Data listing>
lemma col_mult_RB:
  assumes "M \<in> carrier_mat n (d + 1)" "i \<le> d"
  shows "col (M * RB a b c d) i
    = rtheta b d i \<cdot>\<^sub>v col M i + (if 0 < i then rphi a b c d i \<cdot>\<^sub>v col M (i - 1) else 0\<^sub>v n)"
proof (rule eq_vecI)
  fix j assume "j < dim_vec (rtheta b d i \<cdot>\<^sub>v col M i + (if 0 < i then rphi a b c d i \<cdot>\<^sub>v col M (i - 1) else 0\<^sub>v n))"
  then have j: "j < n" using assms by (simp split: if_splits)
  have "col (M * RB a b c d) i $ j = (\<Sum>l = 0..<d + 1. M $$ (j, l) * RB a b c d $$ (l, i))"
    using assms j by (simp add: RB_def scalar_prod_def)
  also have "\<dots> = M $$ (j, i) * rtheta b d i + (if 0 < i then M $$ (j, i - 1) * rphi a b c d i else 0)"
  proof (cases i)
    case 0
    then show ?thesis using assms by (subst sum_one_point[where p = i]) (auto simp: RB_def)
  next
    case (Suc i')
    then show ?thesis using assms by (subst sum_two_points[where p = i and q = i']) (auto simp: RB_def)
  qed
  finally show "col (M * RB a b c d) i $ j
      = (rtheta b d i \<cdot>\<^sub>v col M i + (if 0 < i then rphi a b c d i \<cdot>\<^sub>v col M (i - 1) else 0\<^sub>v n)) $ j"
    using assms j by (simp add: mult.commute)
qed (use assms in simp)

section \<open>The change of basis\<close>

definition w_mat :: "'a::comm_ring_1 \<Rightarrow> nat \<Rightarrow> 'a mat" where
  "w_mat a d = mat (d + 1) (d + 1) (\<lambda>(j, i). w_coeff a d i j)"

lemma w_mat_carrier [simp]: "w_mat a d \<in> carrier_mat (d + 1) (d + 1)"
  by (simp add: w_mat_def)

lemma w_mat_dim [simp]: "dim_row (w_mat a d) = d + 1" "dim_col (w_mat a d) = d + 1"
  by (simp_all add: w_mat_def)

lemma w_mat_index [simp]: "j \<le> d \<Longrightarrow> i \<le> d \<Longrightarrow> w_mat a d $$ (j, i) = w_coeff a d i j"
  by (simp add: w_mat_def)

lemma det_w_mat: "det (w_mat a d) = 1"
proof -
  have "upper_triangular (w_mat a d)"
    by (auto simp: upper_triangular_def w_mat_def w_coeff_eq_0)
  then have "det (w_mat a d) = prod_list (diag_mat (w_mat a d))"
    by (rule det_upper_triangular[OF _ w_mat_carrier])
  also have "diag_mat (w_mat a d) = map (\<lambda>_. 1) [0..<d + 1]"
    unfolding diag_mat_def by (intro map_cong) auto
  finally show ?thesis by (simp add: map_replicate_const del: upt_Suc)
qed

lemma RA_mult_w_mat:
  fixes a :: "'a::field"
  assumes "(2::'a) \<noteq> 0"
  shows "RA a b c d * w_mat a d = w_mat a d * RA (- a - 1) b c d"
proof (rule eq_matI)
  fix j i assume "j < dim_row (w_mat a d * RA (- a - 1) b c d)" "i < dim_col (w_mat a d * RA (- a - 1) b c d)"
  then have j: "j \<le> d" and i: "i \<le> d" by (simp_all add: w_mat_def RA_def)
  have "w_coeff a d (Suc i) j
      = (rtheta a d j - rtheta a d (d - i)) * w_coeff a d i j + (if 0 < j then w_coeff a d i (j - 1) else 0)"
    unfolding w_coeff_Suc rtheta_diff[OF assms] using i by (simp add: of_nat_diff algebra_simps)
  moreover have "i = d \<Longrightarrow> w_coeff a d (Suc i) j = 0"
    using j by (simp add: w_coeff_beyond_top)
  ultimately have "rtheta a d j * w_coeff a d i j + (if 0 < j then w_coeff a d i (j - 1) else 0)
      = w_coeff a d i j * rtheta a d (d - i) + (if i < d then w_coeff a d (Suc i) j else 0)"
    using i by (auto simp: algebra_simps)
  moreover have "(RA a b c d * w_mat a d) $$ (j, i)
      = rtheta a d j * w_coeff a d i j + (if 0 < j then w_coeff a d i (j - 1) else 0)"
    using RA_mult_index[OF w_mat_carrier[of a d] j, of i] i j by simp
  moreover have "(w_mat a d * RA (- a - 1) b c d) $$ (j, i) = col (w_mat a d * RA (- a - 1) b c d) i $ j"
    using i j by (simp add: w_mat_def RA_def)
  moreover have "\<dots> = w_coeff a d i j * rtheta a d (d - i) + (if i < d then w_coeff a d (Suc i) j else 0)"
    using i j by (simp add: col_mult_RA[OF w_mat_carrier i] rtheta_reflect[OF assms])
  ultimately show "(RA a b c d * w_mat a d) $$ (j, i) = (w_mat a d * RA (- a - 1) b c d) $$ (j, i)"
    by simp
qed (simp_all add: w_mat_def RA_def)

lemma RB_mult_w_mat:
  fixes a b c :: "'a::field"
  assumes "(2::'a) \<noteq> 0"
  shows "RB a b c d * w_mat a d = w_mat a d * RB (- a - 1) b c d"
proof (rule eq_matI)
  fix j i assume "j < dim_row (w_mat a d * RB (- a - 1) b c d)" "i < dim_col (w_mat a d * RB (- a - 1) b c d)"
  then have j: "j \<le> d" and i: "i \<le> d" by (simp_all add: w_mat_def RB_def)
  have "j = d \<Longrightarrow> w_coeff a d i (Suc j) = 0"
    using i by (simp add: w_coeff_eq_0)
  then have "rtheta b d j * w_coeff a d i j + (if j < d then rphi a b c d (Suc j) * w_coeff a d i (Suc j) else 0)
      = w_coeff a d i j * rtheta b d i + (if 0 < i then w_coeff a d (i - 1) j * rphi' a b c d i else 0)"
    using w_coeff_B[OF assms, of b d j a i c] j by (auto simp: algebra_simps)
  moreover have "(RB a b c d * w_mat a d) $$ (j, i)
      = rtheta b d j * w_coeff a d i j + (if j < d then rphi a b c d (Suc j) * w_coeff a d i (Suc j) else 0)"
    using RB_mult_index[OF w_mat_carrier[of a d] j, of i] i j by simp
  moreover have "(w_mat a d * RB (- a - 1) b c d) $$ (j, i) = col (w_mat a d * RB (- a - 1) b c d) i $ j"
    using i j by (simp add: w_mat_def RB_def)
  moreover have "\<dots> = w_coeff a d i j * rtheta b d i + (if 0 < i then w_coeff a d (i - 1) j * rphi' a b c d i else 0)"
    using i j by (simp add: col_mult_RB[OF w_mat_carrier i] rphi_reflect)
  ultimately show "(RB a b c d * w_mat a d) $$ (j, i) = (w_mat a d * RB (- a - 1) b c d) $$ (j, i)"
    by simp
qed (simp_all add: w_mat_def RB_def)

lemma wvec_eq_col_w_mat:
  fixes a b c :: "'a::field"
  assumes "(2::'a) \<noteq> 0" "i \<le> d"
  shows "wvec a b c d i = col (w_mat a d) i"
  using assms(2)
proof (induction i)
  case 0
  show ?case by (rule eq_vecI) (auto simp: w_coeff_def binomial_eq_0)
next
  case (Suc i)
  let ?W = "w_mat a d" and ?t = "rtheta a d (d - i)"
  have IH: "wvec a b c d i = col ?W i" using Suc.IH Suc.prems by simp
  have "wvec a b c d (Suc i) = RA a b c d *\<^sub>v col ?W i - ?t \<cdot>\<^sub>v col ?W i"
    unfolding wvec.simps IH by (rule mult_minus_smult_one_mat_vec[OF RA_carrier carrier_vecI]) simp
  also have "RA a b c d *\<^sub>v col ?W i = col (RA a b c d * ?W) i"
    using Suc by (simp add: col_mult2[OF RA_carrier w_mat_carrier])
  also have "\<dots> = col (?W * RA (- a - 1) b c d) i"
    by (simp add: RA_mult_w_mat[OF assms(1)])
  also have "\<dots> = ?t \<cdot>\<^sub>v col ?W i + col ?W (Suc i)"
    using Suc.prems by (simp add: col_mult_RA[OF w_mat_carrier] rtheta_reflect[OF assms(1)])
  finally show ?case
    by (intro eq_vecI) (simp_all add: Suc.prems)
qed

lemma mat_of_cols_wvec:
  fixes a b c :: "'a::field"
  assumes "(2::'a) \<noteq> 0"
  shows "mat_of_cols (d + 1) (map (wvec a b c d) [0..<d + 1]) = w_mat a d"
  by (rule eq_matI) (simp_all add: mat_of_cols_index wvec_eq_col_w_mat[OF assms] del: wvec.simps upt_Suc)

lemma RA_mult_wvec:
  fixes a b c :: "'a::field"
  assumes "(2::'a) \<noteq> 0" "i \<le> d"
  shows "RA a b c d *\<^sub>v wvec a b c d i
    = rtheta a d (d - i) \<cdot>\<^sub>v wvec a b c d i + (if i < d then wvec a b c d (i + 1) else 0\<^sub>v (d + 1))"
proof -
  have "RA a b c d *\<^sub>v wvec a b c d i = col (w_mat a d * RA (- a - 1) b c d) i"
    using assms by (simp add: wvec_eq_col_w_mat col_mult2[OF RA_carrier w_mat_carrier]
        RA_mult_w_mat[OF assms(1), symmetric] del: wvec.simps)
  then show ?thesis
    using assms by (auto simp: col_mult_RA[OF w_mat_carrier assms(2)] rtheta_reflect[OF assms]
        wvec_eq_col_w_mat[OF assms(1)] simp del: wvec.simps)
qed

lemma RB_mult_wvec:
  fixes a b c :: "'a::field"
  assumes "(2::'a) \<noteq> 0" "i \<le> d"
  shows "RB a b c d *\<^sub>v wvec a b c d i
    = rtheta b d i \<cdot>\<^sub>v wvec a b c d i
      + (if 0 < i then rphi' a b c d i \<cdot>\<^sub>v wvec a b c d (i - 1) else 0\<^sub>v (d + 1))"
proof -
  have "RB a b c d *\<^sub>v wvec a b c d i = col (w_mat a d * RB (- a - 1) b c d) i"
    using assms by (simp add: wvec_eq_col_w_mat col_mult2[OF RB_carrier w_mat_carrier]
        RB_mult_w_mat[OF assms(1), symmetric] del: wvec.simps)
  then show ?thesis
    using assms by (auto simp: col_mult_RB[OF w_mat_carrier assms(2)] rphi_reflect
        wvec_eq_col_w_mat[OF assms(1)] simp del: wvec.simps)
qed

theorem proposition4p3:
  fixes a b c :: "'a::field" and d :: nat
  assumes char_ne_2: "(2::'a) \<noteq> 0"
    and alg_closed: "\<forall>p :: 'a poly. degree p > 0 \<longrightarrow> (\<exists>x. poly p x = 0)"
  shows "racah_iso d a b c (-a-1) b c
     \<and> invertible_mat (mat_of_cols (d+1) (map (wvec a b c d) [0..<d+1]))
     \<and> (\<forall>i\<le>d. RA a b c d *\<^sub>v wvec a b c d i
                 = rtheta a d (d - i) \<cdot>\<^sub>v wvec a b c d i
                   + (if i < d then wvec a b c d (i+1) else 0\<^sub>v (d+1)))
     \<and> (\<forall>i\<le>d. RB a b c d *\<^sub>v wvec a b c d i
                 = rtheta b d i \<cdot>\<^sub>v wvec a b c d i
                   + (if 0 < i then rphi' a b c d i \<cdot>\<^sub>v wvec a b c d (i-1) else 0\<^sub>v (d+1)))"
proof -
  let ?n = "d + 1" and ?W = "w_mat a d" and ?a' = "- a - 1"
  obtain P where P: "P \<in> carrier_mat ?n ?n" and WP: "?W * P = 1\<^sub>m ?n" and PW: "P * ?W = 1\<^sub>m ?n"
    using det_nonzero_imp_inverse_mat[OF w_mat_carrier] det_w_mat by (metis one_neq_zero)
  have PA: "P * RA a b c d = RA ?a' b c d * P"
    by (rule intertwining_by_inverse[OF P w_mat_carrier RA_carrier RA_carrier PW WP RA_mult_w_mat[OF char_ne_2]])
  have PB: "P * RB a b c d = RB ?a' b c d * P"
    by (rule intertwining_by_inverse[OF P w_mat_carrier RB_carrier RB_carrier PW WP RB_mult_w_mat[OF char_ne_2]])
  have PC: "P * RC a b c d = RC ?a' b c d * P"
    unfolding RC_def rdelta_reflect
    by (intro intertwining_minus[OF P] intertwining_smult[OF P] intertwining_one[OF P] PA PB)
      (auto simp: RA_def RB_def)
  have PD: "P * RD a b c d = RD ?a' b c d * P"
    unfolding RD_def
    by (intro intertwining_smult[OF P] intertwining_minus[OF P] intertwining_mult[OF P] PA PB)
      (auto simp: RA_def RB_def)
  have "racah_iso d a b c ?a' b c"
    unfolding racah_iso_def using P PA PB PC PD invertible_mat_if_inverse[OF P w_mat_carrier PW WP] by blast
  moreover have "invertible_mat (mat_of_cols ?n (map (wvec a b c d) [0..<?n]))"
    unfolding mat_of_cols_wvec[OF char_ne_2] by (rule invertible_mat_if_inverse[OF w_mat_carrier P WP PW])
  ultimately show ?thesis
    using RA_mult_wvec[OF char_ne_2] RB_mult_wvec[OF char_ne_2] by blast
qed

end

Required action> Exactly as they stand, set down the lines from the top of the data through the line with "fix j assume".

Completed task>
lemma col_mult_RB:
  assumes "M \<in> carrier_mat n (d + 1)" "i \<le> d"
  shows "col (M * RB a b c d) i
    = rtheta b d i \<cdot>\<^sub>v col M i + (if 0 < i then rphi a b c d i \<cdot>\<^sub>v col M (i - 1) else 0\<^sub>v n)"
proof (rule eq_vecI)
  fix j assume "j < dim_vec (rtheta b d i \<cdot>\<^sub>v col M i + (if 0 < i then rphi a b c d i \<cdot>\<^sub>v col M (i - 1) else 0\<^sub>v n))"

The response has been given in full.